My first lace knitting

I finally finished knitting and blocking my first lace project, which was homework for one of the workshops I took at the MSKR last weekend. The first pic is not a picture of a lace trampoline, but shows the technique we learned how to block lace using PVC, rubber bands, paper clips and a nylon thread going through the points.


And then here's the doily off the frame after blocking.


The yarn is from School Products and is the Provence Lace Merino in one of the blues. They weren't really labeled in the store when I bought it so I'm not sure, but it's a light blue. The yarn itself feels a little rough until it gets wet. Now it's nice and soft.

This was a good starter piece, it was fun watching the design emerge as it came off the needles.

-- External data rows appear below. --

(* Let $\mathbf S=\langle S,+,0,\mathscr F\rangle$ be a semilattice with operators. For $\theta\in\operatorname{Con}\mathbf S$ with $0$-class $I$, let $\eta(\theta)$ be the semilattice congruence generated by $I$ (so $x\,\eta(\theta)\,y$ iff $x+i=y+i$ for some $i\in I$) and let $\tau(\theta)$ be the relation with $x\,\tau(\theta)\,y$ iff for all $h\in\mathscr F^\dagger$, $h(x)\in I\Leftrightarrow h(y)\in I$. Then the lattice $\operatorname{Con}\mathbf S$ is partitioned into the intervals $[\eta(\theta),\tau(\theta)]$, each such interval consisting of exactly the congruences having the same $0$-class (which is an $\mathscr F$-closed ideal) as $\theta$.
   Context: A semilattice with operators is a join semilattice $(S,+)$ with least element $0$ together with a set $\mathscr F$ of unary maps preserving $+$ and $0$; congruences are equivalence relations compatible with $+$ and all $f\in\mathscr F$. $\mathscr F^\dagger$ denotes the monoid generated by $\mathscr F$ under composition, including the identity map. *)

theory Defs
  imports Main
begin

definition sl_ops :: "'a set \<Rightarrow> ('a \<Rightarrow> 'a \<Rightarrow> 'a) \<Rightarrow> 'a \<Rightarrow> ('a \<Rightarrow> 'a) set \<Rightarrow> bool" where
  "sl_ops S join zero F \<longleftrightarrow>
     zero \<in> S \<and>
     (\<forall>x\<in>S. \<forall>y\<in>S. join x y \<in> S) \<and>
     (\<forall>x\<in>S. \<forall>y\<in>S. \<forall>z\<in>S. join (join x y) z = join x (join y z)) \<and>
     (\<forall>x\<in>S. \<forall>y\<in>S. join x y = join y x) \<and>
     (\<forall>x\<in>S. join x x = x) \<and>
     (\<forall>x\<in>S. join x zero = x) \<and>
     (\<forall>f\<in>F. (\<forall>x\<in>S. f x \<in> S) \<and> f zero = zero \<and>
        (\<forall>x\<in>S. \<forall>y\<in>S. f (join x y) = join (f x) (f y)))"

inductive_set Fdag :: "('a \<Rightarrow> 'a) set \<Rightarrow> ('a \<Rightarrow> 'a) set" for F where
  Fdag_id: "id \<in> Fdag F"
| Fdag_comp: "f \<in> F \<Longrightarrow> h \<in> Fdag F \<Longrightarrow> f \<circ> h \<in> Fdag F"

definition Con :: "'a set \<Rightarrow> ('a \<Rightarrow> 'a \<Rightarrow> 'a) \<Rightarrow> ('a \<Rightarrow> 'a) set \<Rightarrow> 'a rel set" where
  "Con S join F = {\<theta>. equiv S \<theta> \<and>
     (\<forall>x y u v. (x, y) \<in> \<theta> \<longrightarrow> (u, v) \<in> \<theta> \<longrightarrow> (join x u, join y v) \<in> \<theta>) \<and>
     (\<forall>f\<in>F. \<forall>x y. (x, y) \<in> \<theta> \<longrightarrow> (f x, f y) \<in> \<theta>)}"

definition zero_class :: "'a set \<Rightarrow> 'a \<Rightarrow> 'a rel \<Rightarrow> 'a set" where
  "zero_class S zero \<theta> = {x \<in> S. (x, zero) \<in> \<theta>}"

definition sl_ideal :: "'a set \<Rightarrow> ('a \<Rightarrow> 'a \<Rightarrow> 'a) \<Rightarrow> 'a set \<Rightarrow> bool" where
  "sl_ideal S join I \<longleftrightarrow> I \<subseteq> S \<and> I \<noteq> {} \<and>
     (\<forall>x\<in>I. \<forall>y\<in>I. join x y \<in> I) \<and>
     (\<forall>x\<in>S. \<forall>y\<in>I. join x y = y \<longrightarrow> x \<in> I)"

definition F_closed :: "('a \<Rightarrow> 'a) set \<Rightarrow> 'a set \<Rightarrow> bool" where
  "F_closed F I \<longleftrightarrow> (\<forall>f\<in>F. \<forall>x\<in>I. f x \<in> I)"

definition eta :: "'a set \<Rightarrow> ('a \<Rightarrow> 'a \<Rightarrow> 'a) \<Rightarrow> 'a \<Rightarrow> 'a rel \<Rightarrow> 'a rel" where
  "eta S join zero \<theta> =
     {(x, y). x \<in> S \<and> y \<in> S \<and> (\<exists>i \<in> zero_class S zero \<theta>. join x i = join y i)}"

definition tau :: "'a set \<Rightarrow> 'a \<Rightarrow> ('a \<Rightarrow> 'a) set \<Rightarrow> 'a rel \<Rightarrow> 'a rel" where
  "tau S zero F \<theta> =
     {(x, y). x \<in> S \<and> y \<in> S \<and>
        (\<forall>h \<in> Fdag F. h x \<in> zero_class S zero \<theta> \<longleftrightarrow> h y \<in> zero_class S zero \<theta>)}"

end

theory Submission
  imports Defs
begin

text \<open>The 0-class \<open>I\<close> of a congruence satisfies \<open>a + b \<in> I \<longleftrightarrow> a \<in> I \<and> b \<in> I\<close>, since
  \<open>a = a + 0 \<equiv> a + (a + b) = a + b \<equiv> 0\<close>. This makes \<open>\<tau>(\<theta>)\<close> compatible with \<open>+\<close>, and
  closing the indices of \<open>\<tau>\<close> under \<open>\<F>\<^sup>\<dagger>\<close> makes it compatible with the operators; \<open>\<eta>(\<theta>)\<close>
  is a congruence because \<open>I\<close> is an \<open>\<F>\<close>-closed ideal. Both \<open>\<eta>(\<theta>)\<close> and \<open>\<tau>(\<theta>)\<close> depend on
  \<open>\<theta>\<close> only through \<open>I\<close>, lie below resp. above \<open>\<theta>\<close>, and have 0-class \<open>I\<close>. As the 0-class is
  monotone in the congruence, the congruences in \<open>[\<eta>(\<theta>), \<tau>(\<theta>)]\<close> are exactly those with
  0-class \<open>I\<close>, so the intervals partition \<open>Con S\<close>.\<close>

lemma Fdag_comp_right:
  assumes "h \<in> Fdag F" and "f \<in> F"
  shows "h \<circ> f \<in> Fdag F"
  using assms(1)
proof induction
  case Fdag_id
  show ?case using Fdag.Fdag_comp[OF assms(2) Fdag.Fdag_id] by simp
next
  case (Fdag_comp g h)
  then show ?case
    using Fdag.Fdag_comp[of g F "h \<circ> f"] by (simp add: comp_assoc del: comp_apply)
qed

I do wish I had thought of adding a life line occasionally to make ripping out the mistakes much faster. Oh, the lessons we learn...


Bill's picture

looks like lacing that evenly would be almost as tricky as knitting it!
...but that lacing method is the way fabric is stretched for couture embroidery...(minus the paperclips)...LOL

Tallguy's picture

Actually, the lacing up is very easy to do. And because of the way you lace it up, it AUTOMATICALLY adjusts itself to come out perfectly even. It's really a miracle!! You know, most of the best methods are also the simplest as well. We like it better when it is complicated and hard... but after a certain age, you go for simple and efficient.

I used this lacing method for tying on my weaving to the apron. Simplicity itself, and always gives you perfectly even tension across the warp. Try it. I prefer a stress-free life.

Aaronknits's picture

Yay, it's finished! It looks great! Excellent job blocking!

chipsir's picture

Good job all around, are you hooked on lace now?

QueerJoe's picture

Wow...I didn't get to see yours at the retreat...did you do that while there? It's very nice, and I am still amazed at how easy Matthew has shown us lace blocking can be.

mrossnyc's picture

In most of the pics of me from MSKR, this is the thing I was working on. It's also the piece I spent the first night frogging all the work I did that afternoon. While I obviously didn't have it done in time for the class, the technique is easy enough to remember what I did to help Matthew block his big project.

Joe-in Wyoming's picture

Traditional Shetland blocking for lace shawls is very similar but omits the rubber bands and hooks. I've used it for my work but can see how using the tensioners and hooks would really speed up the process. Although, as Tallguy points out, lacing the points onto your frame doesn't really take that long. -- Books, knitting, cats, fountain pens...Life is Good.

Books, knitting, cats, fountain pens...Life is Good.

TomH's picture

Looks great!

Kerry's picture

Very nice, I like it. Are you really using paper clips unbent or where do you get those hooks?

mrossnyc's picture

They are plastic-coated paper clips from Office Depot. Just bend them open carefully.

Kenny's picture

That's so awesome, your lace and Matthew's blocking method. Do you know how long is each PVC piece?

mrossnyc's picture

Thanks Kenny!

Each side is 3 feet long with a 90 degree join on each corner.

For his piece, he also had a cross-shaped join to provide support for the 6 foot square frame with the cross braces.

TheKnittingMill's picture

Just BEAUTIFUL Michael! I can't believe this is your first bit of lace! That's truly astonishing to me. Really lovely!

MMario's picture

I kept meaning to say something to you at the retreat; it looked good even incomplete, and it blocked out beautifully!

MMario - I'm not divorced from reality - we're having a trial separation

mrossnyc's picture

Thanks Mario, I am quite pleased with how it all came out.

RickeScott's picture

Very lovely and I'll have to try blocking that way. Very clever!

WillyG's picture

This was the technique I most regretted missing that year... thanks for passing on the info in such a helpful way! I'm hoping to make it work for a blanket that's too large to block on a bed or any floor space we have. (And the lawn is not an option these days, especially with the dear neighbor children and animals mucking about.)